> _Problem statement_
Search the records below for the word "blast", then return every line where it appears.

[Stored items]
§ §

lemma real_symmetric_unit_eigenvector:
  fixes A :: "nat \<Rightarrow> nat \<Rightarrow> real"
  assumes n: "n > 0" and sym: "\<And>i j. i < n \<Longrightarrow> j < n \<Longrightarrow> A i j = A j i"
  shows "\<exists>e v. (\<Sum>i<n. (v i)\<^sup>2) = 1 \<and> (\<forall>i<n. (\<Sum>j<n. A i j * v j) = e * v i)"
proof -
  define M where "M = mat n n (\<lambda>(i,j). A i j)"
  have M: "M \<in> carrier_mat n n" and Mc: "map_mat complex_of_real M \<in> carrier_mat n n"
    unfolding M_def by auto
  have "degree (char_poly (map_mat complex_of_real M)) = n"
    using degree_monic_char_poly[OF Mc] by auto
  hence "\<not> constant (poly (char_poly (map_mat complex_of_real M)))"
    using n by (metis constant_degree not_gr_zero)
  then obtain z where z: "poly (char_poly (map_mat complex_of_real M)) z = 0"
    using fundamental_theorem_of_algebra by blast
  hence "eigenvalue (map_mat complex_of_real M) z"
    using eigenvalue_root_char_poly[OF Mc] by auto
  hence "z \<in> \<real>"
    using real_symmetric_complex_eigenvalue_real[OF M] by (simp add: M_def sym)
  then obtain e where "z = complex_of_real e" by (auto elim: Reals_cases)
  hence "complex_of_real (poly (char_poly M) e) = 0"
    using z by (simp add: of_real_hom.char_poly_hom[OF M] of_real_hom.poly_map_poly)
  hence "eigenvalue M e" using eigenvalue_root_char_poly[OF M] by simp
  then obtain x where "eigenvector M x e" unfolding eigenvalue_def by auto
  hence x: "x \<in> carrier_vec n" and x0: "x \<noteq> 0\<^sub>v n" and eq: "M *\<^sub>v x = e \<cdot>\<^sub>v x"
    unfolding eigenvector_def M_def by auto
  have ev: "(\<Sum>j<n. A i j * x $ j) = e * x $ i" if "i < n" for i
  proof -
    have "(M *\<^sub>v x) $ i = (e \<cdot>\<^sub>v x) $ i" using eq by simp
    thus ?thesis using that x
      by (auto simp: M_def mult_mat_vec_def scalar_prod_def lessThan_atLeast0 intro!: sum.cong)
  qed
  obtain i0 where "i0 < n" "x $ i0 \<noteq> 0" using x x0 by (metis eq_vecI index_zero_vec carrier_vecD)
  hence s: "(\<Sum>i<n. (x $ i)\<^sup>2) > 0" by (intro sum_pos2[of _ i0]) auto
  define v where "v i = x $ i / sqrt (\<Sum>i<n. (x $ i)\<^sup>2)" for i
  have "(\<Sum>i<n. (v i)\<^sup>2) = 1"
    unfolding v_def using s by (simp add: power_divide sum_divide_distrib[symmetric])
  moreover have "(\<Sum>j<n. A i j * v j) = e * v i" if "i < n" for i
    unfolding v_def using ev[OF that] by (simp add: sum_divide_distrib[symmetric])
  ultimately show ?thesis by blast
qed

§ §

> _Expected answer_
    using fundamental_theorem_of_algebra by blast
  ultimately show ?thesis by blast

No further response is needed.